I have recently been thinking about a Linux distribution providing “vanilla packages” and what this really means. The basic idea is simple – provide packages as upstream released them. In practice, this is an impossibility (for reasons I will cover below).
Firstly, lets cover the reason for providing vanilla packages. And I use “reason” singular deliberately, because I think it comes down to a single point. The software developer knows their software better than you do. Your patch could unintentionally introduce a security issue – it has happened before… Or you could introduce a new feature that is then introduced by the developer in a different and incompatible way in the next official release. Also, any bugs that are found in your modified piece of software will need to be triaged in an unpatched version of the software in order to report the issue upstream.

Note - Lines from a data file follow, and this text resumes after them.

(* Let $n\ge2$, $L\ge0$, $k\in\{0,\dots,n-1\}$, and let $p=(\lambda_0,\dots,\lambda_L)$ be a path with $\lambda_0=2\Lambda_0$ and $\lambda_L=\Lambda_k+\Lambda_{L-k}$. Let $x_1<\dots<x_N$ be the positions and $h_1,\dots,h_N$ the heights of the domain walls of $p$, and put $W=x_N$ (the number of nodes in the first row of the associated K-graph) and $h_N$ the height of the last domain wall, with the convention $W=0$, $h_N=h_0=n$ if $N=0$. Then $W-h_N\equiv 2k \pmod n$.
   Context: $\Lambda_0,\dots,\Lambda_{n-1}$ are the fundamental weights of the affine algebra $\widehat{sl(n)}$; indices are extended to all integers modulo $n$ ($\Lambda_i=\Lambda_{i'}$ when $i\equiv i'\pmod n$). For $i\in\mathbb{Z}$ set $\hat{i}=\Lambda_{i+1}-\Lambda_i$ (depending only on $i \bmod n$; the weights $\hat0,\dots,\widehat{n-1}$ are distinct). $P_2^+=\{\Lambda_a+\Lambda_b: 0\le a\le b\le n-1\}$. A path is a sequence $(\lambda_0,\dots,\lambda_L)$ of elements of $P_2^+$ with $\lambda_{\ell+1}-\lambda_\ell\in\{\hat0,\dots,\widehat{n-1}\}$. For a path with $\lambda_0=2\Lambda_0$, $\lambda_L=\Lambda_k+\Lambda_{L-k}$, set $\lambda_{L+1}=\Lambda_k+\Lambda_{L-k+1}$ and define $\mu_\ell\in\{0,\dots,n-1\}$ ($0\le\ell\le L$) by $\widehat{\mu_\ell}=\lambda_{\ell+1}-\lambda_\ell$. There is a domain wall at position $\ell\in\{1,\dots,L\}$ of height $h\in\{1,\dots,n-1\}$ if $\mu_\ell-\mu_{\ell-1}\equiv h+1\pmod n$. *)

theory Defs
  imports "HOL-Number_Theory.Cong" "HOL-Library.Function_Algebras"
begin

text \<open>Weights of level-type combinations of the fundamental weights
  \<Lambda>_0,...,\<Lambda>_{n-1} are represented by their coefficient vectors
  (coefficient of \<Lambda>_j at position j, for j < n).\<close>
type_synonym weight = "nat \<Rightarrow> int"

definition Lam :: "nat \<Rightarrow> int \<Rightarrow> weight" where
  "Lam n i = (\<lambda>j. if int j = i mod int n then 1 else 0)"

definition hat :: "nat \<Rightarrow> int \<Rightarrow> weight" where
  "hat n i = Lam n (i + 1) - Lam n i"

definition P2plus :: "nat \<Rightarrow> weight set" where
  "P2plus n = {Lam n (int a) + Lam n (int b) | a b. a \<le> b \<and> b \<le> n - 1}"

definition is_path :: "nat \<Rightarrow> nat \<Rightarrow> (nat \<Rightarrow> weight) \<Rightarrow> bool" where
  "is_path n L lam \<longleftrightarrow>
     (\<forall>l\<le>L. lam l \<in> P2plus n) \<and>
     (\<forall>l<L. \<exists>i<n. lam (Suc l) - lam l = hat n (int i))"

definition lamext :: "nat \<Rightarrow> nat \<Rightarrow> nat \<Rightarrow> (nat \<Rightarrow> weight) \<Rightarrow> nat \<Rightarrow> weight" where
  "lamext n L k lam l =
     (if l \<le> L then lam l else Lam n (int k) + Lam n (int L - int k + 1))"

definition mu :: "nat \<Rightarrow> nat \<Rightarrow> nat \<Rightarrow> (nat \<Rightarrow> weight) \<Rightarrow> nat \<Rightarrow> nat" where
  "mu n L k lam l =
     (THE m. m < n \<and> hat n (int m) = lamext n L k lam (Suc l) - lamext n L k lam l)"

definition domain_wall :: "nat \<Rightarrow> nat \<Rightarrow> nat \<Rightarrow> (nat \<Rightarrow> weight) \<Rightarrow> nat \<Rightarrow> nat \<Rightarrow> bool" where
  "domain_wall n L k lam l h \<longleftrightarrow>
     1 \<le> l \<and> l \<le> L \<and> 1 \<le> h \<and> h \<le> n - 1 \<and>
     [int (mu n L k lam l) - int (mu n L k lam (l - 1)) = int h + 1] (mod int n)"

definition wall_positions :: "nat \<Rightarrow> nat \<Rightarrow> nat \<Rightarrow> (nat \<Rightarrow> weight) \<Rightarrow> nat set" where
  "wall_positions n L k lam = {l. \<exists>h. domain_wall n L k lam l h}"

definition W :: "nat \<Rightarrow> nat \<Rightarrow> nat \<Rightarrow> (nat \<Rightarrow> weight) \<Rightarrow> nat" where
  "W n L k lam = (if wall_positions n L k lam = {} then 0 else Max (wall_positions n L k lam))"

definition hN :: "nat \<Rightarrow> nat \<Rightarrow> nat \<Rightarrow> (nat \<Rightarrow> weight) \<Rightarrow> nat" where
  "hN n L k lam = (if wall_positions n L k lam = {} then n
     else (THE h. domain_wall n L k lam (W n L k lam) h))"

end

theory Submission
  imports Defs
begin

(*
  Past the last domain wall every step increments mu by 1 modulo n, and the prescribed endpoint
  forces mu(L) = L - k; walking backwards, mu(l) = l - k (mod n) and
  lambda(l) = Lambda(k) + Lambda(l - k) for every l >= W.  Without walls this reaches
  lambda(0) = 2 Lambda(0), so k = 0.  Otherwise lambda(W - 1) = Lambda(k) + Lambda(W - k) - hat mu(W - 1)
  lies in P_2^+, so it is nonnegative and mu(W - 1) + 1 is k or W - k modulo n; the latter would make the height of the
  last wall 0, the former gives W - k - h_N = k (mod n).
*)

lemma not_cong_succ_self:
  fixes i :: int
  assumes "n \<ge> 2"
  shows "\<not> [i + 1 = i] (mod int n)"
proof
  assume "[i + 1 = i] (mod int n)"
  then have "int n dvd 1" by (simp add: cong_iff_dvd_diff)
  with assms show False by simp
qed

lemma Lam_cong: "[i = j] (mod int n) \<Longrightarrow> Lam n i = Lam n j"
  by (simp add: Lam_def cong_def)

lemma Lam_apply_mod: "n > 0 \<Longrightarrow> Lam n j (nat (i mod int n)) = (if [i = j] (mod int n) then 1 else 0)"
  by (simp add: Lam_def cong_def)

lemma hat_cong: "[i = j] (mod int n) \<Longrightarrow> hat n i = hat n j"
  by (simp add: hat_def Lam_cong cong_add)

lemma hat_apply_succ_mod:
  assumes "n \<ge> 2"
  shows "hat n c (nat ((c + 1) mod int n)) = 1"
  using assms not_cong_succ_self[OF assms, of c] by (simp add: hat_def Lam_apply_mod)

lemma hat_eq_hat_iff:
  assumes "n \<ge> 2"
  shows "hat n i = hat n j \<longleftrightarrow> [i = j] (mod int n)"
proof
  assume "hat n i = hat n j"
  then have "hat n j (nat ((i + 1) mod int n)) = 1"
    using hat_apply_succ_mod[OF assms] by metis
  then have "[i + 1 = j + 1] (mod int n)"
    using assms by (simp add: hat_def Lam_apply_mod split: if_splits)
  then show "[i = j] (mod int n)"
    by (simp add: cong_iff_dvd_diff)
qed (rule hat_cong)

text \<open>Subtracting hat c removes \<Lambda>_(c+1), which must therefore be one of the two summands.\<close>
lemma nonneg_Lam_plus_Lam_minus_hat:
  assumes "n \<ge> 2" and "\<forall>j. 0 \<le> (Lam n a + Lam n b - hat n c) j"
  shows "[c + 1 = a] (mod int n) \<or> [c + 1 = b] (mod int n)"
proof -
  define j where "j = nat ((c + 1) mod int n)"
  have "0 \<le> Lam n a j + Lam n b j - hat n c j"
    using assms(2) by simp
  then show ?thesis
    using assms(1) hat_apply_succ_mod[OF assms(1), of c]
    by (auto simp: j_def Lam_apply_mod split: if_splits)
qed

lemma P2plus_nonneg: "x \<in> P2plus n \<Longrightarrow> 0 \<le> x j"
  by (auto simp: P2plus_def Lam_def)

lemma domain_wall_height_unique:
  assumes "domain_wall n L k lam l h" and "domain_wall n L k lam l h'"
  shows "h' = h"
proof -
  have "[int h' + 1 = int h + 1] (mod int n)"
    using assms unfolding domain_wall_def by (meson cong_sym cong_trans)
  then have "[h' = h] (mod n)"
    by (simp add: cong_iff_dvd_diff flip: cong_int_iff)
  moreover have "h < n" "h' < n"
    using assms by (auto simp: domain_wall_def)
  ultimately show ?thesis
    by (simp add: cong_less_modulus_unique_nat)
qed

locale path_to_endpoint =
  fixes n L k :: nat and lam :: "nat \<Rightarrow> weight"
  assumes n_ge_2: "n \<ge> 2"
    and path: "is_path n L lam"
    and lam_L: "lam L = Lam n (int k) + Lam n (int L - int k)"
begin

abbreviation lam' :: "nat \<Rightarrow> weight" where
  "lam' \<equiv> lamext n L k lam"

abbreviation \<mu> :: "nat \<Rightarrow> int" where
  "\<mu> l \<equiv> int (mu n L k lam l)"

abbreviation walls :: "nat set" where
  "walls \<equiv> wall_positions n L k lam"

abbreviation last_wall :: nat where
  "last_wall \<equiv> W n L k lam"

lemma lamext_Suc_L: "lam' (Suc L) - lam' L = hat n (int L - int k)"
  using lam_L by (simp add: lamext_def hat_def algebra_simps)

lemma lamext_step:
  assumes "l \<le> L"
  shows "\<exists>i<n. lam' (Suc l) - lam' l = hat n (int i)"
proof (cases "l < L")
  case True
  then show ?thesis
    using path by (auto simp: is_path_def lamext_def)
next
  case False
  define i where "i = nat ((int L - int k) mod int n)"
  have "i < n"
    using n_ge_2 by (simp add: i_def nat_less_iff)
  moreover have "hat n (int L - int k) = hat n (int i)"
    using n_ge_2 by (intro hat_cong) (simp add: i_def cong_def)
  ultimately show ?thesis
    using False assms lamext_Suc_L by (metis le_antisym not_less)
qed

lemma hat_mu:
  assumes "l \<le> L"
  shows "hat n (\<mu> l) = lam' (Suc l) - lam' l"
proof -
  obtain i where i: "i < n" "lam' (Suc l) - lam' l = hat n (int i)"
    using lamext_step[OF assms] by blast
  have "mu n L k lam l = i"
    unfolding mu_def
  proof (rule the_equality)
    fix m
    assume m: "m < n \<and> hat n (int m) = lam' (Suc l) - lam' l"
    then have "[m = i] (mod n)"
      using i hat_eq_hat_iff[OF n_ge_2] by (simp flip: cong_int_iff)
    then show "m = i"
      using m i(1) by (simp add: cong_less_modulus_unique_nat)
  qed (use i in simp)
  then show ?thesis
    using i by simp
qed

lemma mu_L_cong: "[\<mu> L = int L - int k] (mod int n)"
  using hat_mu[of L] lamext_Suc_L hat_eq_hat_iff[OF n_ge_2] by simp

lemma lamext_nonneg: "l \<le> L \<Longrightarrow> 0 \<le> lam' l j"
  using path by (auto simp: lamext_def is_path_def intro: P2plus_nonneg)

lemma finite_walls: "finite walls"
proof (rule finite_subset)
  show "walls \<subseteq> {1..L}"
    by (auto simp: wall_positions_def domain_wall_def)
qed simp

lemma last_wall_in_walls: "walls \<noteq> {} \<Longrightarrow> last_wall \<in> walls"
  using finite_walls by (simp add: W_def)

lemma not_in_walls_after_last_wall: "last_wall < l \<Longrightarrow> l \<notin> walls"
  using finite_walls by (auto simp: W_def split: if_splits)

text \<open>A step that is not a wall has difference exactly 1, since every other residue of the
  difference is h + 1 for some admissible height h.\<close>
lemma mu_step_cong_if_not_wall:
  assumes "1 \<le> l" "l \<le> L" "l \<notin> walls"
  shows "[\<mu> l - \<mu> (l - 1) = 1] (mod int n)"
proof (rule ccontr)
  assume not_one: "\<not> ?thesis"
  define d where "d = (\<mu> l - \<mu> (l - 1) - 1) mod int n"
  have "d \<noteq> 0"
    using not_one by (simp add: d_def cong_iff_dvd_diff dvd_eq_mod_eq_0)
  moreover have "0 \<le> d" "d < int n"
    using n_ge_2 by (auto simp: d_def)
  moreover have "[\<mu> l - \<mu> (l - 1) - 1 + 1 = d + 1] (mod int n)"
    by (intro cong_add) (simp_all add: d_def cong_def)
  ultimately have "domain_wall n L k lam l (nat d)"
    using assms(1,2) by (simp add: domain_wall_def nat_le_iff le_diff_conv2)
  with assms(3) show False
    by (auto simp: wall_positions_def)
qed

lemma mu_cong_from_last_wall:
  assumes "last_wall \<le> l" "l \<le> L"
  shows "[\<mu> l = int l - int k] (mod int n)"
  using assms(2,1)
proof (induction l rule: inc_induct)
  case base
  show ?case by (rule mu_L_cong)
next
  case (step l)
  have "[\<mu> (Suc l) - (\<mu> (Suc l) - \<mu> l) = (int (Suc l) - int k) - 1] (mod int n)"
    using step not_in_walls_after_last_wall mu_step_cong_if_not_wall[of "Suc l"]
    by (intro cong_diff) auto
  then show ?case
    by (simp add: algebra_simps)
qed

lemma lamext_from_last_wall:
  assumes "last_wall \<le> l" "l \<le> Suc L"
  shows "lam' l = Lam n (int k) + Lam n (int l - int k)"
  using assms(2,1)
proof (induction l rule: inc_induct)
  case base
  show ?case by (simp add: lamext_def algebra_simps)
next
  case (step l)
  have "l \<le> L"
    using step.hyps by simp
  then have mu_l: "hat n (\<mu> l) = hat n (int l - int k)"
    using step.prems by (intro hat_cong mu_cong_from_last_wall)
  have "lam' l = lam' (Suc l) - hat n (\<mu> l)"
    using hat_mu[OF \<open>l \<le> L\<close>] by simp
  also have "\<dots> = Lam n (int k) + Lam n (int (Suc l) - int k) - hat n (int l - int k)"
    by (simp only: step.IH[OF le_SucI[OF step.prems]] mu_l)
  also have "\<dots> = Lam n (int k) + Lam n (int l - int k)"
    by (simp add: hat_def algebra_simps)
  finally show ?case .
qed

lemma k_eq_0_if_no_walls:
  assumes "walls = {}" and "k < n" and "lam 0 = Lam n 0 + Lam n 0"
  shows "k = 0"
proof -
  have "last_wall = 0"
    using assms(1) by (simp add: W_def)
  then have "Lam n 0 + Lam n 0 = Lam n (int k) + Lam n (- int k)"
    using lamext_from_last_wall[of 0] assms(3) by (simp add: lamext_def)
  then have "(Lam n 0 + Lam n 0) 0 = (Lam n (int k) + Lam n (- int k)) 0"
    by simp
  then have "int k mod int n = 0"
    by (simp add: Lam_def split: if_splits)
  with assms(2) show ?thesis
    by simp
qed

lemma hN_eq_height:
  assumes "domain_wall n L k lam last_wall h"
  shows "hN n L k lam = h"
proof -
  have "walls \<noteq> {}"
    using assms by (auto simp: wall_positions_def)
  then show ?thesis
    using assms domain_wall_height_unique by (auto simp: hN_def)
qed

lemma last_wall_cong:
  assumes wall: "domain_wall n L k lam last_wall h"
  shows "[int last_wall - int h = 2 * int k] (mod int n)"
proof -
  define w where "w = last_wall"
  define a b where "a = \<mu> (w - 1)" and "b = \<mu> w"
  have w: "1 \<le> w" "w \<le> L" "1 \<le> h" "h < n"
    using wall n_ge_2 by (auto simp: w_def domain_wall_def)
  have jump: "int n dvd (b - a) - (int h + 1)"
    using wall by (simp add: w_def a_def b_def domain_wall_def cong_iff_dvd_diff)
  have b_cong: "int n dvd b - (int w - int k)"
    using w by (simp add: w_def b_def mu_cong_from_last_wall flip: cong_iff_dvd_diff)
  have "lam' (w - 1) = lam' w - hat n a"
    using hat_mu[of "w - 1"] w by (simp add: a_def)
  also have "\<dots> = Lam n (int k) + Lam n (int w - int k) - hat n a"
    using w by (simp add: w_def lamext_from_last_wall)
  finally have "\<forall>j. 0 \<le> (Lam n (int k) + Lam n (int w - int k) - hat n a) j"
    using lamext_nonneg[of "w - 1"] w(2) by simp
  then consider "int n dvd (a + 1) - int k" | "int n dvd (a + 1) - (int w - int k)"
    using nonneg_Lam_plus_Lam_minus_hat[OF n_ge_2] by (auto simp: cong_iff_dvd_diff)
  then show ?thesis
  proof cases
    case 1
    have "int n dvd (b - (int w - int k)) - ((b - a) - (int h + 1)) - ((a + 1) - int k)"
      using dvd_diff[OF dvd_diff[OF b_cong jump] 1] .
    then show ?thesis
      by (simp add: w_def cong_iff_dvd_diff algebra_simps dvd_diff_commute[of _ "int last_wall"])
  next
    case 2
    have "int n dvd ((a + 1) - (int w - int k)) - (b - (int w - int k)) + ((b - a) - (int h + 1))"
      using dvd_add[OF dvd_diff[OF 2 b_cong] jump] .
    then have "n dvd h"
      by (simp add: algebra_simps)
    with w show ?thesis
      using dvd_imp_le by fastforce
  qed
qed

end

theorem lemma3:
  fixes n L k :: nat and lam :: "nat \<Rightarrow> weight"
  assumes "n \<ge> 2" and "k < n"
    and "is_path n L lam"
    and "lam 0 = Lam n 0 + Lam n 0"
    and "lam L = Lam n (int k) + Lam n (int L - int k)"
  shows "[int (W n L k lam) - int (hN n L k lam) = 2 * int k] (mod int n)"
proof -
  interpret path_to_endpoint n L k lam
    using assms(1,3,5) by unfold_locales
  show ?thesis
  proof (cases "wall_positions n L k lam = {}")
    case True
    then have "k = 0" "W n L k lam = 0" "hN n L k lam = n"
      using k_eq_0_if_no_walls assms(2,4) by (simp_all add: W_def hN_def)
    then show ?thesis
      by (simp add: cong_iff_dvd_diff)
  next
    case False
    then obtain h where "domain_wall n L k lam (W n L k lam) h"
      using last_wall_in_walls by (auto simp: wall_positions_def)
    then show ?thesis
      using last_wall_cong hN_eq_height by simp
  qed
qed

end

So, in an ideal world, we would just run the equivalent of “./configure; make; make install” and all software would install perfectly. But the world is far from ideal… I will cover two points across two posts: firstly patching, followed by configure options and dependencies.
Patching software is a necessity in any Linux distribution. I am only considering rolling release distributions in the discussion below, so that removes backporting fixes and features from newer versions of a software package. So, what patching is minimally required:
- Patches for build issues
- Patches for security issues
- Patches to fix major software features
I am completely ignoring patches released by upstream as part of their update process. For example the Linux kernel provides a large patch that updates from their x.y.0 release to x.y.z. Bash releases a patch for each minor update, so bash-4.2.042 requires applying 42 patches… These are obviously required patching and are fully sanctioned by the developer so do not deviate from vanilla.
It should be fairly obvious what patches for build issues are… the software will not compile for some reason so you need to do patching to fix that. A piece of software is almost never tested in every single environment before release and, even if it was, updates to other pieces of software can cause build issues. This is particularly common with gcc updates which have become progressively stricter on which headers needed included for a function. Even worse, a software developer might release with the “-Werror” flag enabled by default, meaning any new warning will result in a build failure (I do not have kind words about software developers that do that…). Then there are more complicated issues involving a library update with API changes requiring much more extensive fixes. While adding a single extra include really does not require upstream approval before applying, even that should be forwarded upstream.
Security issues are an important part of patching for non-rolling release distributions. However, new versions of software are usually released whenever a security hole is found, so rolling release distributions only need to update. Again, just grabbing a patch from anywhere on the internet and applying it is not a good idea – I have seen this actually result in a larger security issue than the original.
The final category of patches are those that fix major software features. For example, if an IRC client has a bug preventing it connecting to any channels, firstly shake your fist at the developer and tell them to do some testing before release, and then patch it. If there is a typo in the help output, file a bug or submit a patch upstream, but there is no need to patch it. The guiding principle should be something like “if this is the only issue found in the software, would the developer consider making a new release?”. The answer to that question “yes”, then it will be “yes” to provide the patch.
One guiding factor that can not be stressed enough here is that all patches should be approved by upstream. The best situation is if upstream have committed the patch into the version control repository – preferably on the branch for the version you are using so no mistakes can be made back-porting. Failing that, a post on a mailing list or bug tracker by one of the main developers of the software approving a patch is acceptable.
Of course, much of this is subjective. Is that broken feature big enough to patch? Does this bug constitute a security issue? If upstream is rather unresponsive at the moment, should I apply this fix for a security bug? Is this build fix minor enough that I do not need to wait on an upstream comment before applying? Given it is hard to formulate these ideas into precise rules, I think the answer becomes one of how strict the packager is. I was far more likely to include patches when I started packaging for Arch Linux than I am now. So maybe it is not how strict the packager is, but rather how grumpy…
If you want vanilla packaging, start by moving opt dependencies back to dependencies where the package actually links against the “optional” library. I very much doubt upstream developers intended for their packages to be installed with broken dependencies.
I at least partially agree with you there. Issues with configuration and dependencies will be discussed in Part 2.